The hallmark of ADHD is that novel stimuli commands the individuals’ attention, but as the information continues, attention wanes. In time it deteriorates completely. Therefore, we should expect clients with ADHD to give their best performance at the beginning of a test and show deterioration over time.

Standard vigilance-attention tests are routinely administered in evaluating attention deficit disorders. The Auditory Continuous Performance Test (ACPT)1 is such an auditory vigilance task, in which the client listens to a list of 96 monosyllabic words presented six times. Directions are to raise your thumb every time the target word, dog, is heard. Impulsive scores are when the client raises his thumb to words other than the target word. Inattention scores are when there is no response to the target word. The administration of all 576 words takes about 15 minutes. There are 20 target words presented in each set. The 1st set of test responses is compared to the 6th set to ascertain a difference between sets on two areas: auditory impulsivity and auditory inattention.
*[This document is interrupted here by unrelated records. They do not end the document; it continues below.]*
(* Let $m\ge 1$ and $1\le t\le 2^{m-1}$ be integers and let $p=t/2^m$ (so $0<p\le 1/2$). Let $f:\{0,1\}^n\to\mathbb{R}$ and let $g=\mathrm{Red}(f):\{0,1\}^{mn}\to\mathbb{R}$ be the reduced function defined below. Then for every $1\le d\le n$, \[ \sum_{S\subseteq\{1,\dots,mn\},\,|S|=d}\hat g(S)^2\;\ge\;\Big(\frac{p\lfloor \log(1/p)\rfloor}{1-p}\Big)^d\sum_{S\subseteq\{1,\dots,n\},\,|S|=d}\hat f(S)^2, \] where the Fourier–Walsh coefficients of $g$ are taken with respect to the uniform measure $\mu_{1/2}$ on $\{0,1\}^{mn}$ and those of $f$ with respect to $\mu_p$ on $\{0,1\}^n$.
   Context: For $0<p<1$, $\mu_p$ denotes the product measure on $\{0,1\}^n$ given by $\mu_p(x)=p^{\sum_i x_i}(1-p)^{n-\sum_i x_i}$; $\mu_{1/2}$ is the uniform measure. Elements of $\{0,1\}^n$ are identified with subsets of $\{1,\dots,n\}$ in the natural way. For $S,T\subseteq\{1,\dots,n\}$ let $u_S(T)=\big(-\sqrt{(1-p)/p}\big)^{|S\cap T|}\big(\sqrt{p/(1-p)}\big)^{|S\setminus T|}$ (for $p=1/2$, $u_S(T)=(-1)^{|S\cap T|}$). The $u_S$ form an orthonormal basis of $L^2(\mu_p)$, and every $f$ has a unique expansion $f=\sum_S\hat f(S)u_S$ with $\hat f(S)=\mathbb{E}_{\mu_p}[f u_S]$ (the Fourier–Walsh coefficients w.r.t. $\mu_p$). Reduction: write $y\in\{0,1\}^{mn}$ as $y=(y^1,\dots,y^n)$ with $y^i=(y^i_1,\dots,y^i_m)\in\{0,1\}^m$, where $y^i_j$ is the coordinate $(i-1)m+j$ of $y$. Let $\mathrm{Bin}(y^i)=\sum_{j=0}^{m-1}2^j y^i_{m-j}\in\{0,\dots,2^m-1\}$, and $h:\{0,1\}^m\to\{0,1\}$, $h(y^i)=1$ if $\mathrm{Bin}(y^i)\ge 2^m-t$ and $h(y^i)=0$ otherwise. Then $\mathrm{Red}(f)=g$ is defined by $g(y)=f(h(y^1),\dots,h(y^n))$. Here $\log$ denotes the base-2 logarithm. *)

theory Defs
  imports Complex_Main
begin

text \<open>Points of the cube {0,1}^n are identified with subsets of {1..n}.\<close>

definition mu :: "nat \<Rightarrow> real \<Rightarrow> nat set \<Rightarrow> real" where
  "mu n p T = p ^ card T * (1 - p) ^ (n - card T)"

definition u :: "real \<Rightarrow> nat set \<Rightarrow> nat set \<Rightarrow> real" where
  "u p S T = (- sqrt ((1 - p) / p)) ^ card (S \<inter> T) * (sqrt (p / (1 - p))) ^ card (S - T)"

definition fcoef :: "nat \<Rightarrow> real \<Rightarrow> (nat set \<Rightarrow> real) \<Rightarrow> nat set \<Rightarrow> real" where
  "fcoef n p f S = (\<Sum>T\<in>Pow {1..n}. mu n p T * f T * u p S T)"

text \<open>Coordinate y^i_j of y (as a subset of {1..mn}) is coordinate (i-1)m+j.\<close>
definition blk :: "nat \<Rightarrow> nat set \<Rightarrow> nat \<Rightarrow> nat \<Rightarrow> nat" where
  "blk m Y i j = (if (i - 1) * m + j \<in> Y then 1 else 0)"

definition Bin :: "nat \<Rightarrow> nat set \<Rightarrow> nat \<Rightarrow> nat" where
  "Bin m Y i = (\<Sum>j=0..<m. 2 ^ j * blk m Y i (m - j))"

definition hfun :: "nat \<Rightarrow> nat \<Rightarrow> nat set \<Rightarrow> nat \<Rightarrow> bool" where
  "hfun m t Y i \<longleftrightarrow> Bin m Y i \<ge> 2 ^ m - t"

definition Red :: "nat \<Rightarrow> nat \<Rightarrow> nat \<Rightarrow> (nat set \<Rightarrow> real) \<Rightarrow> nat set \<Rightarrow> real" where
  "Red n m t f Y = f {i \<in> {1..n}. hfun m t Y i}"

end

theory Submission
  imports Defs "HOL-Library.Nat_Bijection" "HOL-Library.FuncSet" "HOL-Library.Disjoint_Sets"
begin

(* Since g(y) = f(h(y^1), ..., h(y^n)), the uniform Fourier coefficient of g at a set T
   meeting each block in at most one coordinate factorizes over the blocks. Put S = {i. T meets
   block i} and let T meet block i in its j-th most significant coordinate with t 2^j \<le> 2^m.
   The t largest m-bit numbers all start with j ones, so that coordinate is 1 whenever h = 1,
   and counting inside each block gives ghat(T) = (p / (1 - p))^(|S|/2) fhat(S). Every block
   offers \<lfloor>log (1/p)\<rfloor> such coordinates, so each fhat(S)^2 reappears
   \<lfloor>log (1/p)\<rfloor>^|S| times among the squared coefficients of g at distinct sets of size |S|. *)

lemma sum_Pow_UN_prod:
  fixes \<psi> :: "'i \<Rightarrow> 'a set \<Rightarrow> 'b :: comm_semiring_1"
  assumes "finite I" "\<And>i. i \<in> I \<Longrightarrow> finite (B i)" "disjoint_family_on B I"
  shows "(\<Sum>Y\<in>Pow (\<Union>i\<in>I. B i). \<Prod>i\<in>I. \<psi> i (Y \<inter> B i)) = (\<Prod>i\<in>I. \<Sum>Z\<in>Pow (B i). \<psi> i Z)"
proof -
  have "(\<Prod>i\<in>I. \<Sum>Z\<in>Pow (B i). \<psi> i Z) = (\<Sum>g\<in>(\<Pi>\<^sub>E i\<in>I. Pow (B i)). \<Prod>i\<in>I. \<psi> i (g i))"
    using assms by (intro prod_sum_PiE) auto
  also have "\<dots> = (\<Sum>Y\<in>Pow (\<Union>i\<in>I. B i). \<Prod>i\<in>I. \<psi> i (Y \<inter> B i))"
  proof (rule sum.reindex_bij_witness[of _ "\<lambda>Y. \<lambda>i\<in>I. Y \<inter> B i" "\<lambda>g. \<Union>i\<in>I. g i"])
    fix g assume g: "g \<in> (\<Pi>\<^sub>E i\<in>I. Pow (B i))"
    have "(\<Union>j\<in>I. g j) \<inter> B i = g i" if "i \<in> I" for i
      using g that \<open>disjoint_family_on B I\<close> by (fastforce simp: disjoint_family_on_def)
    then show "(\<lambda>i\<in>I. (\<Union>j\<in>I. g j) \<inter> B i) = g"
      using PiE_restrict[OF g] by (metis (no_types, lifting) restrict_ext)
    show "(\<Prod>i\<in>I. \<psi> i ((\<Union>j\<in>I. g j) \<inter> B i)) = (\<Prod>i\<in>I. \<psi> i (g i))"
      using \<open>\<And>i. i \<in> I \<Longrightarrow> (\<Union>j\<in>I. g j) \<inter> B i = g i\<close> by simp
  qed auto
  finally show ?thesis ..
qed

lemma sum_Pow_sign_member:
  assumes "finite B" "q \<in> B"
  shows "(\<Sum>Z\<in>Pow B. (if q \<in> Z then -1 else 1 :: 'a :: comm_ring_1)) = 0"
proof -
  define B' where "B' = B - {q}"
  have B: "B = insert q B'" "q \<notin> B'" "finite B'" using assms unfolding B'_def by auto
  have "(\<Sum>Z\<in>Pow B. (if q \<in> Z then -1 else 1 :: 'a))
      = (\<Sum>Z\<in>Pow B'. (if q \<in> Z then -1 else 1)) + (\<Sum>Z\<in>insert q ` Pow B'. (if q \<in> Z then -1 else 1))"
    unfolding B(1) Pow_insert using B by (intro sum.union_disjoint) auto
  also have "(\<Sum>Z\<in>insert q ` Pow B'. (if q \<in> Z then -1 else 1 :: 'a)) = (\<Sum>Z\<in>Pow B'. -1)"
    using B by (subst sum.reindex) (auto intro!: inj_onI)
  also have "(\<Sum>Z\<in>Pow B'. (if q \<in> Z then -1 else 1 :: 'a)) = (\<Sum>Z\<in>Pow B'. 1)"
    using B by (intro sum.cong) auto
  finally show ?thesis by (simp add: sum_negf)
qed

lemma set_encode_less:
  assumes "A \<subseteq> {..<m}"
  shows "set_encode A < 2 ^ m"
proof -
  have "set_encode A \<le> (\<Sum>j<m. 2 ^ j)"
    unfolding set_encode_def using assms by (intro sum_mono2) auto
  also have "\<dots> < 2 ^ m" by (simp add: lessThan_atLeast0 sum_power2)
  finally show ?thesis .
qed

lemma set_encode_add_power_less:
  assumes "A \<subseteq> {..<m} - {a}" "a < m"
  shows "set_encode A + 2 ^ a < 2 ^ m"
proof -
  have "finite A" using assms finite_subset[of A "{..<m}"] by blast
  then have "set_encode A + 2 ^ a = set_encode (insert a A)"
    using assms by (subst set_encode_insert) auto
  also have "\<dots> < 2 ^ m" using assms by (intro set_encode_less) auto
  finally show ?thesis .
qed

lemma bij_betw_set_encode_Pow_lessThan: "bij_betw set_encode (Pow {..<m}) {..<2 ^ m}"
proof (rule bij_betw_imageI)
  show "inj_on set_encode (Pow {..<m})"
    by (rule inj_on_subset[OF inj_on_set_encode]) (auto intro: finite_subset)
  have "set_decode v \<subseteq> {..<m}" if "v < 2 ^ m" for v
  proof
    fix x assume "x \<in> set_decode v"
    then have "0 < v div 2 ^ x" by (auto simp: set_decode_def intro: odd_pos)
    then have "2 ^ x \<le> v" by (simp add: div_greater_zero_iff)
    with that show "x \<in> {..<m}" by (metis lessThan_iff le_less_trans power_less_imp_less_exp one_less_numeral_iff semiring_norm(76))
  qed
  then have "v \<in> set_encode ` Pow {..<m}" if "v < 2 ^ m" for v
    using that by (intro image_eqI[of v _ "set_decode v"]) auto
  then show "set_encode ` Pow {..<m} = {..<2 ^ m}"
    by (auto intro: set_encode_less)
qed

definition block :: "nat \<Rightarrow> nat \<Rightarrow> nat set" where
  "block m i = {(i - 1) * m + 1..(i - 1) * m + m}"

lemma block_pos_mem: "1 \<le> j \<Longrightarrow> j \<le> m \<Longrightarrow> (i - 1) * m + j \<in> block m i"
  by (simp add: block_def)

lemma block_div: "x \<in> block m i \<Longrightarrow> (x - 1) div m = i - 1"
proof -
  assume "x \<in> block m i"
  then have "x - 1 = (i - 1) * m + (x - 1 - (i - 1) * m)" "x - 1 - (i - 1) * m < m"
    by (auto simp: block_def)
  then show ?thesis by (metis div_mult_self3 div_less add.commute add_0 less_nat_zero_code not_gr0)
qed

lemma disjoint_family_on_block: "disjoint_family_on (block m) {1..}"
  unfolding disjoint_family_on_def
proof (intro ballI impI)
  fix i j :: nat assume "i \<in> {1..}" "j \<in> {1..}" "i \<noteq> j"
  then have "i - 1 \<noteq> j - 1" by auto
  then show "block m i \<inter> block m j = {}" using block_div[of _ m i] block_div[of _ m j] by fastforce
qed

lemma UN_block: "(\<Union>i\<in>{1..n}. block m i) = {1..m * n}"
proof (induction n)
  case (Suc n)
  have "{1..Suc n} = insert (Suc n) {1..n}" by auto
  then have "(\<Union>i\<in>{1..Suc n}. block m i) = {1..m * n} \<union> {n * m + 1..n * m + m}"
    using Suc by (simp add: block_def Un_commute)
  also have "\<dots> = {1..m * Suc n}" by (auto simp: mult.commute)
  finally show ?case .
qed (simp add: block_def)

(* Coordinate x of block i carries the weight 2 ^ block_digit m i x in Bin m Y i. *)
definition block_digit :: "nat \<Rightarrow> nat \<Rightarrow> nat \<Rightarrow> nat" where
  "block_digit m i x = (i - 1) * m + m - x"

lemma bij_betw_block_digit: "bij_betw (block_digit m i) (block m i) {..<m}"
  by (rule bij_betw_byWitness[where f' = "block_digit m i"]) (auto simp: block_def block_digit_def)

lemma Bin_eq_set_encode: "Bin m Z i = set_encode (block_digit m i ` (Z \<inter> block m i))"
proof -
  have "Bin m Z i = (\<Sum>j\<in>{..<m}. if (i - 1) * m + m - j \<in> Z then 2 ^ j else 0)"
    unfolding Bin_def blk_def lessThan_atLeast0 by (intro sum.cong) auto
  also have "\<dots> = set_encode {j\<in>{..<m}. (i - 1) * m + m - j \<in> Z}"
    unfolding set_encode_def by (rule sum.inter_filter[symmetric]) simp
  also have "{j\<in>{..<m}. (i - 1) * m + m - j \<in> Z} = block_digit m i ` (Z \<inter> block m i)"
  proof -
    have "j = (i - 1) * m + m - ((i - 1) * m + m - j)" if "j < m" for j using that by simp
    then show ?thesis by (force simp: block_def block_digit_def image_iff)
  qed
  finally show ?thesis .
qed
A CAP Test Can Be Reviewed for Inattention Influence on Test Performance?

With standard vigilance-attention tasks, it is routine to compare the first set of responses with the final set, to ascertain if the individual’s attention ability was maintained throughout the test.

We are able to review the Staggered Spondaic Word (SSW) test scores by quarter – if there is a question of inattention influence on the test performance. The SSW test has four quarters (Q1 - Q4) with 10 test items of 4 words in each item (40 words) equaling a total of 160 test words. A clinician can compare each quarter to ascertain if inattention could have been involved. Thus, the SSW total error for different quarters of the test, such as: Q-1=1-10, Q-2=11-20, Q-3=21-30, and Q-4=31-40) are compared. The comparisons that I have made on previous research include:

  • 1st vs. 4th Quarter test scores
  • 1st vs. 3rd Quarter test scores
  • 2nd vs. 4th Quarter test scores

Comparing the Quartile-Analyses of Children with both ADHD and CAPD, and only CAPD on the SSW Test

Because of my interest in studying attention factors on the four quarters of the SSW test it was necessary to look at a control group of children with only CAPD. When children are seen by neuropsychologists or pediatricians and are not found to have ADHD they are often referred for CAP evaluations. Therefore, I choose the first 16 SSW test performances of children diagnosed with only CAPD to comprise this group. There was a significant difference between total errors on quarters 1&3 (p=0.010) and 1&4 (p=0.004).2

I then compared the SSW test quartile – analysis of a previous research study with 32 children with CAPD and ADHD who were randomly assigned to two test conditions: CAP evaluation while on their normal Ritalin medication and another test session while on a placebo.3 I chose this data because this double-blind placebo controlled study showed significant difference test conditions for the ACPT test results (medicated vs placebo) and no difference on the CAP test sessions (medicated vs. placebo). So the SSW quartile analyses on data that we would not have normally (the placebo condition) should be interesting. The quarter analyses revealed significant difference between total errors on quarters 1&4 for both when medicated (p=.001) and when in the placebo condition (p=.001).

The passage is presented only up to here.